**Exercise requirements**
Draw out every line with the word "relative" from the listing below.

**Material provided**
________________________________________
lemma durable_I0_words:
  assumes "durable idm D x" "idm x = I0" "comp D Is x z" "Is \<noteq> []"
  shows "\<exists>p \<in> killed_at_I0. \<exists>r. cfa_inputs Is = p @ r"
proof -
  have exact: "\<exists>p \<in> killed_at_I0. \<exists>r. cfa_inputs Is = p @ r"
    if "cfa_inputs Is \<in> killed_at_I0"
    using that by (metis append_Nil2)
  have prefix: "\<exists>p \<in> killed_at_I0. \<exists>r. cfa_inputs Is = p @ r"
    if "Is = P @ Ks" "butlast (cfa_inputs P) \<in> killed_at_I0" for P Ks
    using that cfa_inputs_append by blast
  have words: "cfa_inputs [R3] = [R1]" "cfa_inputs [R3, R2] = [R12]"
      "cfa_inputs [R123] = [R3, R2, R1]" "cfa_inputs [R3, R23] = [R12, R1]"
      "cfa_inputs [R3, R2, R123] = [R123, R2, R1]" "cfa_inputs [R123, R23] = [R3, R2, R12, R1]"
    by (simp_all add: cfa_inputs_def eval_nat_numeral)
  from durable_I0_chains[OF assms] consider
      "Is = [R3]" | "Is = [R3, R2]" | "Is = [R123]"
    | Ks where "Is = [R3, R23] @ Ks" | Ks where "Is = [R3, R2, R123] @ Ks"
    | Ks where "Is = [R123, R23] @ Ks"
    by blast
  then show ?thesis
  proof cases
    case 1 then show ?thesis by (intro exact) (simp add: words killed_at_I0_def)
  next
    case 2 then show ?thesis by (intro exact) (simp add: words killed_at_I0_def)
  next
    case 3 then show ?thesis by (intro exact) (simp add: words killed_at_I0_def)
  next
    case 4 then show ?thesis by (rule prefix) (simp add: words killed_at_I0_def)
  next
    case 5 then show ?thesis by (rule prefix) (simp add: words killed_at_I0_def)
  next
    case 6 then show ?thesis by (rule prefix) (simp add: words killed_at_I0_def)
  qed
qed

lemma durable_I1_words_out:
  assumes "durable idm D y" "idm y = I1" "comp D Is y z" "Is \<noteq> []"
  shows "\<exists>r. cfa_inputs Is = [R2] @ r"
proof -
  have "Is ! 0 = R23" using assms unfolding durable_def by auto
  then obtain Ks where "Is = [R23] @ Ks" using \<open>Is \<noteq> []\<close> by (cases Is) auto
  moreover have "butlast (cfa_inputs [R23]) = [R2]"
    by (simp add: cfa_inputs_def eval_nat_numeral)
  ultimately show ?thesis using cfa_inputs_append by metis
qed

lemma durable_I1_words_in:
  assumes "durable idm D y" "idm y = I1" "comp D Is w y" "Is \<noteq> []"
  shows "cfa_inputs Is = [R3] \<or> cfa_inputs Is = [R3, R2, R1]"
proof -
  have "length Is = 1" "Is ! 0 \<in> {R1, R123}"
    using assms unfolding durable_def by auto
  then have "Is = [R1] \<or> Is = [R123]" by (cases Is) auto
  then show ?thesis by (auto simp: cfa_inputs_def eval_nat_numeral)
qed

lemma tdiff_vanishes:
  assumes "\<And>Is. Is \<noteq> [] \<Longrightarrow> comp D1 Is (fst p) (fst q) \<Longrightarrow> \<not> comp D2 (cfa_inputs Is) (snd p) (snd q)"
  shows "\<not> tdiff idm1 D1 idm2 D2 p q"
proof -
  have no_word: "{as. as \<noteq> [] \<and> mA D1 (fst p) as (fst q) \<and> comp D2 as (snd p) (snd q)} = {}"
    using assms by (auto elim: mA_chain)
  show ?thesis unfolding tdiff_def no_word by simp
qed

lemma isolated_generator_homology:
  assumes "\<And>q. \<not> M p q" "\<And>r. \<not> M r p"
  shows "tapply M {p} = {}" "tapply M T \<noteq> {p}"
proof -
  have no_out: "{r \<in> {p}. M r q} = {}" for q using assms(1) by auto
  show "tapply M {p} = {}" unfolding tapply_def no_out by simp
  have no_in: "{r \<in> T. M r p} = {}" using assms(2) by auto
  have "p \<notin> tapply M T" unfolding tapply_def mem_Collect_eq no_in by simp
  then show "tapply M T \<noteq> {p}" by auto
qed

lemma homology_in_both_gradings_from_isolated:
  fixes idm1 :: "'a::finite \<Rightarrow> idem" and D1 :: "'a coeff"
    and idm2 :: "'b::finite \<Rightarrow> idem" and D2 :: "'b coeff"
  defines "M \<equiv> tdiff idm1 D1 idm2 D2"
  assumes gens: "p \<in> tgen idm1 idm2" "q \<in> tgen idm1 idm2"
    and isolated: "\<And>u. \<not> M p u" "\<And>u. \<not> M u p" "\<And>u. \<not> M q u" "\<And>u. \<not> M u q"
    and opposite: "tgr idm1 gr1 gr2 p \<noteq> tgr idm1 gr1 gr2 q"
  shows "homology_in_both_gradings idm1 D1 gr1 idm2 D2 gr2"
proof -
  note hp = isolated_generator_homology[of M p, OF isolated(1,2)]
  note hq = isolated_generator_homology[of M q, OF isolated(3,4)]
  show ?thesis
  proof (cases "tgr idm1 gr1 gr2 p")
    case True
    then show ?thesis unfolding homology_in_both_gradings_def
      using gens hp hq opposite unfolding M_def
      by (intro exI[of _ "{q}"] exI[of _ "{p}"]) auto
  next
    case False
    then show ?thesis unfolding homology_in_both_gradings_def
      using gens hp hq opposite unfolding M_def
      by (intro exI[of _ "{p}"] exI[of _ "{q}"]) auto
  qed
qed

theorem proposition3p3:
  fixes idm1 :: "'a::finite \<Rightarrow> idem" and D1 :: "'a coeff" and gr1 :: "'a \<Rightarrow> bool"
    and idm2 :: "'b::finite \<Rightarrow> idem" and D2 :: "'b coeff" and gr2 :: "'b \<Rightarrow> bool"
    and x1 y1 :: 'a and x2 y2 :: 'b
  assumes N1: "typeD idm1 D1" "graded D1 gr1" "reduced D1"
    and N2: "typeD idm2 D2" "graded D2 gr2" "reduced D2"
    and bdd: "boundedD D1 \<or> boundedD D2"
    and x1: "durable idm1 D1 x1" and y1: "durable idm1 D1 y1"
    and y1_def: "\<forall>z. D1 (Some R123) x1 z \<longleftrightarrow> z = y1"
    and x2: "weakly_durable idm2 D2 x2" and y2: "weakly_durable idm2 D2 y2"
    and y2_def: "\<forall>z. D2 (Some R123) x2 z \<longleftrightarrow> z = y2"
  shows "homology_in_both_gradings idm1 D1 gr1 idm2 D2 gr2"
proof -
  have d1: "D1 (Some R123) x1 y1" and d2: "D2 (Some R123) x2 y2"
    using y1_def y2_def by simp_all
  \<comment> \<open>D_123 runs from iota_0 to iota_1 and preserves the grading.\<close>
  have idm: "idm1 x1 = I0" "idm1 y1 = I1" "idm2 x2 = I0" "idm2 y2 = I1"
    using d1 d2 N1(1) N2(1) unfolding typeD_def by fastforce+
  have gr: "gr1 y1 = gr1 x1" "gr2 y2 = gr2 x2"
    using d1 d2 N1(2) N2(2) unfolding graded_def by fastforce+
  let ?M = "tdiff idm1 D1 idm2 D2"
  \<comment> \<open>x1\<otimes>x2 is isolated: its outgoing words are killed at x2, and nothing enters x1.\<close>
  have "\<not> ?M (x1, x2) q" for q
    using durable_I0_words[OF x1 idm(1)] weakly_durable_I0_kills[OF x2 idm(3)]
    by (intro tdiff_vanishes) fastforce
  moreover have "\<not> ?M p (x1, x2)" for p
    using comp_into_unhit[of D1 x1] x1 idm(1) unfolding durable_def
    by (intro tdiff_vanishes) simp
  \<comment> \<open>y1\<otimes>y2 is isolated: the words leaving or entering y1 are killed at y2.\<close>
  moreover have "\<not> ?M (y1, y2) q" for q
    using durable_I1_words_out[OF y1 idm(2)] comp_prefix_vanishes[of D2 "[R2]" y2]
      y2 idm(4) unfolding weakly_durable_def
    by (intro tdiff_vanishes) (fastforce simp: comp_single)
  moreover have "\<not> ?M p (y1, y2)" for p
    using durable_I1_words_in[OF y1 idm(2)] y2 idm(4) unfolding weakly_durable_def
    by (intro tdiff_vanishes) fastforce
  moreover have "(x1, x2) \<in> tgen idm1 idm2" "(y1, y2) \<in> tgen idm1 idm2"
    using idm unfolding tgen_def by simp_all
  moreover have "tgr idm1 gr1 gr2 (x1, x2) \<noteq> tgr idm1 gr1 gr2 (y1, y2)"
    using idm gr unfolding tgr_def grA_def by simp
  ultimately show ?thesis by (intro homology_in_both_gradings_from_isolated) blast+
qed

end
________________________________________
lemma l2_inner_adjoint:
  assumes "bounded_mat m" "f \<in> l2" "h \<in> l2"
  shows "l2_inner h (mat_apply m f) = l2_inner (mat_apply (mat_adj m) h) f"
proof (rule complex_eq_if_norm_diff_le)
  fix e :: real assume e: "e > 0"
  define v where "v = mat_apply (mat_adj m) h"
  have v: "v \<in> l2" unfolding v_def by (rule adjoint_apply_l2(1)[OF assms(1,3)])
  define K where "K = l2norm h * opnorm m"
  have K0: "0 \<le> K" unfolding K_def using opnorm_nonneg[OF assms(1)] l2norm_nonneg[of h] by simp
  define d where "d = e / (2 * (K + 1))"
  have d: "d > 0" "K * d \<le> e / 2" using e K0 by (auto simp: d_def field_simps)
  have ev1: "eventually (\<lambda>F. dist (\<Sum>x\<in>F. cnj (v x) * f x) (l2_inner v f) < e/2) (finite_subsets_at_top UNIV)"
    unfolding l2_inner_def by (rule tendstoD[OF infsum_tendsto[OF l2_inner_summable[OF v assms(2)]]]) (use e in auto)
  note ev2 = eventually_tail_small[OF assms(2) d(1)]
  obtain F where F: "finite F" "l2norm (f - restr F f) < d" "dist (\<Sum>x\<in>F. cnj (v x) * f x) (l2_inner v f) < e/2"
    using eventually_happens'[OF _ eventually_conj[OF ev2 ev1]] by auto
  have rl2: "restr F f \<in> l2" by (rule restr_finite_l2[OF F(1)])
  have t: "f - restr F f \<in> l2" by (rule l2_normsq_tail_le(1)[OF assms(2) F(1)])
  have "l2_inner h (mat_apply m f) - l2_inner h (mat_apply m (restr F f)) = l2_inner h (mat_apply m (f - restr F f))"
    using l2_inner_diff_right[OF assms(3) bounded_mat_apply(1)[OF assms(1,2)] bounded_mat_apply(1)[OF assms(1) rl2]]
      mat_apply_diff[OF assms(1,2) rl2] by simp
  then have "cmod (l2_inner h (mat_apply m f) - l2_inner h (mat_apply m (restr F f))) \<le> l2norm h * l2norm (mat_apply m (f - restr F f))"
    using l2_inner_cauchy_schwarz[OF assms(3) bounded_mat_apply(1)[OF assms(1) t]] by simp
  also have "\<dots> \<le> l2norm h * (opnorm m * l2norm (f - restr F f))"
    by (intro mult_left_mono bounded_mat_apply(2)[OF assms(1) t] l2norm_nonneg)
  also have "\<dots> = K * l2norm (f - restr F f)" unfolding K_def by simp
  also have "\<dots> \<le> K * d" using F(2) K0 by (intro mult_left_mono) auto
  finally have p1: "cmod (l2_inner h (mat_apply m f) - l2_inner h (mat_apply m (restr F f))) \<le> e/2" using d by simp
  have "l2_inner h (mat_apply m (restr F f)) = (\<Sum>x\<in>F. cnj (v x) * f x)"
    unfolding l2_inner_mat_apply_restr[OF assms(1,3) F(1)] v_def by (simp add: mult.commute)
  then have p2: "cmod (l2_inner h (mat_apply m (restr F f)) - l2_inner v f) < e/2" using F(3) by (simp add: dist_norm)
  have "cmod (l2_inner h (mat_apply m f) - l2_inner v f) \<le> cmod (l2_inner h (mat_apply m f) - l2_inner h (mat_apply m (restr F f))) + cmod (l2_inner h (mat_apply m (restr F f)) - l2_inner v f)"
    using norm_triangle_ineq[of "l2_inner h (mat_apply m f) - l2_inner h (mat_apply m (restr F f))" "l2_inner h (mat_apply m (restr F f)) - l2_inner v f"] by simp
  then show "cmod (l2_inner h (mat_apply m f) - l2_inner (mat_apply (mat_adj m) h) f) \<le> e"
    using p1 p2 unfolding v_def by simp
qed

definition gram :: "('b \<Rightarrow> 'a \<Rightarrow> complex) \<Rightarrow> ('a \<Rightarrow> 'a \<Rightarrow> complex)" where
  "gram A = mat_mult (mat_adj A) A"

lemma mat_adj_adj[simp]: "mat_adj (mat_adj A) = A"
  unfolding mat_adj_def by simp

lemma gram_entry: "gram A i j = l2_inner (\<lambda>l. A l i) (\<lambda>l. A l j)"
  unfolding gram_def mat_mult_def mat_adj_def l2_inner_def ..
________________________________________
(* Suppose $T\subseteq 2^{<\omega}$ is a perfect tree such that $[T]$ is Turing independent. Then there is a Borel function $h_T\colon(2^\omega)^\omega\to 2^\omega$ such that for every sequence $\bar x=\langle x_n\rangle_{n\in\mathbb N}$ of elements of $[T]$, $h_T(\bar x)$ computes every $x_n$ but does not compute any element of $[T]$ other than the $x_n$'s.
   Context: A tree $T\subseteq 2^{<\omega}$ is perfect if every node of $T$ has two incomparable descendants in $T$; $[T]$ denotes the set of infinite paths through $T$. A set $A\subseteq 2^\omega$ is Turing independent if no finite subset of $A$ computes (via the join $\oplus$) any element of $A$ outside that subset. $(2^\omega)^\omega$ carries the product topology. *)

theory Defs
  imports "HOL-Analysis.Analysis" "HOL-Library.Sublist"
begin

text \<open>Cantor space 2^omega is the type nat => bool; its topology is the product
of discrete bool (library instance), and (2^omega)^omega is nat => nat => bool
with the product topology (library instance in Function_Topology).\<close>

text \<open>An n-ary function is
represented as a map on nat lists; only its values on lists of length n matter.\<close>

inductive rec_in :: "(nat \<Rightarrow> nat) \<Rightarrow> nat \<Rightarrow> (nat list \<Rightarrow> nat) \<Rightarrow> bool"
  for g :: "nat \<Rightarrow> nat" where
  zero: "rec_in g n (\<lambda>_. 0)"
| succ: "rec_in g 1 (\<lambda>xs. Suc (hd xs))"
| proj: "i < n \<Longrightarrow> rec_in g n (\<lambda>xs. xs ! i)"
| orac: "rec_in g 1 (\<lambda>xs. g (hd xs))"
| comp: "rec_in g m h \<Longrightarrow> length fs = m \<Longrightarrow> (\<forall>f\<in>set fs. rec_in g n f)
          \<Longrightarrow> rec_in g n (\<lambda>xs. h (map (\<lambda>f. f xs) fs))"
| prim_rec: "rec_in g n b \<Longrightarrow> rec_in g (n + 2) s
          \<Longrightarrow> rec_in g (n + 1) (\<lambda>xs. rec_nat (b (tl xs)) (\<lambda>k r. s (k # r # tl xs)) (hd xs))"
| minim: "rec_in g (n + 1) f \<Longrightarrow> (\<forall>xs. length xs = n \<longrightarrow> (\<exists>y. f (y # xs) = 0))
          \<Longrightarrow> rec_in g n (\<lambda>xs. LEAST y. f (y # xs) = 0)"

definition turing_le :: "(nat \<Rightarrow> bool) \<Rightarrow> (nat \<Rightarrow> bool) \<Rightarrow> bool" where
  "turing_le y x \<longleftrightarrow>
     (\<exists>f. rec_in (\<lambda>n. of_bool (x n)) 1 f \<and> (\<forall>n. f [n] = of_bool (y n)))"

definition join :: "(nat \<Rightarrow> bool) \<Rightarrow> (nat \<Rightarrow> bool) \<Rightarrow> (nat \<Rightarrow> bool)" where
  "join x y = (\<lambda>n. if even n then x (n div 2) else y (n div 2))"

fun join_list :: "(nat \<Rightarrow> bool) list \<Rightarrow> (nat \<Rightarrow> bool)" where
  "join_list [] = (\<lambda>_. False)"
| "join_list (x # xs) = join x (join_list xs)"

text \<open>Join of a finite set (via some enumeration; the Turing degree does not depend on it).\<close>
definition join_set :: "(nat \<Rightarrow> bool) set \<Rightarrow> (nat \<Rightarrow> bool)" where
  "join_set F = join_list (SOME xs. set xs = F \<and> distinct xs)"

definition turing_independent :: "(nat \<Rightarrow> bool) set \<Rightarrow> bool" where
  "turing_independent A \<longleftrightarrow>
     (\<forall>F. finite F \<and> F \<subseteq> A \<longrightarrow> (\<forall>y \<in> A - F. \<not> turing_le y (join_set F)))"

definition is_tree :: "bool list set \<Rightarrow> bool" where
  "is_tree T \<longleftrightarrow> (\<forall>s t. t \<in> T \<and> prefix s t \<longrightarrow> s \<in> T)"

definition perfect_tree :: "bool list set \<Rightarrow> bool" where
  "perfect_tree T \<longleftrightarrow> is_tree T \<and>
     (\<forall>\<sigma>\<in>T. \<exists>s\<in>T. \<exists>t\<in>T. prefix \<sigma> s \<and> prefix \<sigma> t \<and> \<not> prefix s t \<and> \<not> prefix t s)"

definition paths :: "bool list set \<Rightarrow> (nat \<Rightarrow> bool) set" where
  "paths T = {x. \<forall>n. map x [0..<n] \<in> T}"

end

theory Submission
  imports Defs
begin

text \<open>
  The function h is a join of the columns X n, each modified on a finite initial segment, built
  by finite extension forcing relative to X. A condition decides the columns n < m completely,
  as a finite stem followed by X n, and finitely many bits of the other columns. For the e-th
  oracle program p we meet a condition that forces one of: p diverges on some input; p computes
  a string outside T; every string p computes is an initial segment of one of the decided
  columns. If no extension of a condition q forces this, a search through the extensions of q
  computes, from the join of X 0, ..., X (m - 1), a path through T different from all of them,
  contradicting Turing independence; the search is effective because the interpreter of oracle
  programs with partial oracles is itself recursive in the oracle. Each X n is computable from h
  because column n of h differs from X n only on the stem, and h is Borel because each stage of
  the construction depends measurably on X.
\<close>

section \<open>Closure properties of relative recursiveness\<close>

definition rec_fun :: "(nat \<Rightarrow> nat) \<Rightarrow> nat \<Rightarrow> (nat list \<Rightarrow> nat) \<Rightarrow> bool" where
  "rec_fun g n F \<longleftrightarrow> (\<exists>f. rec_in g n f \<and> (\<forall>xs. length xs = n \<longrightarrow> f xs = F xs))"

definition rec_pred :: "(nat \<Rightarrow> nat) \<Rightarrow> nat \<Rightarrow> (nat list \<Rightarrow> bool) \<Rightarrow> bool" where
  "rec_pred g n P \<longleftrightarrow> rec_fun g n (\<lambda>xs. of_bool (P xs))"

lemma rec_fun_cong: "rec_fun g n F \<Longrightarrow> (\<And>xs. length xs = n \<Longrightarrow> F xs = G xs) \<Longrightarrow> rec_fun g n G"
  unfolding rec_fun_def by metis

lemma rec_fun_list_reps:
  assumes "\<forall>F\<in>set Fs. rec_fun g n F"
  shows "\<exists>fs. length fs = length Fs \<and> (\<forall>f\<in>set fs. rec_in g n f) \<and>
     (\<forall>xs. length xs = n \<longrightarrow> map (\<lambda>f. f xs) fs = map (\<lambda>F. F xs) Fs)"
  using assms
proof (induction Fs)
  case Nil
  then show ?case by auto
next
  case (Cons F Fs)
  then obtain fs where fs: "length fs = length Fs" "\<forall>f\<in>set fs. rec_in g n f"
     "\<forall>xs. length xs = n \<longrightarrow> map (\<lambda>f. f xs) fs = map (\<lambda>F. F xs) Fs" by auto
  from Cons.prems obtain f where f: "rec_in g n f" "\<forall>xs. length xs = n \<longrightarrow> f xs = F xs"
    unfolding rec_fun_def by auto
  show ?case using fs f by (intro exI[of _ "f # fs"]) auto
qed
________________________________________
**Result**
  by finite extension forcing relative to X. A condition decides the columns n < m completely,
section \<open>Closure properties of relative recursiveness\<close>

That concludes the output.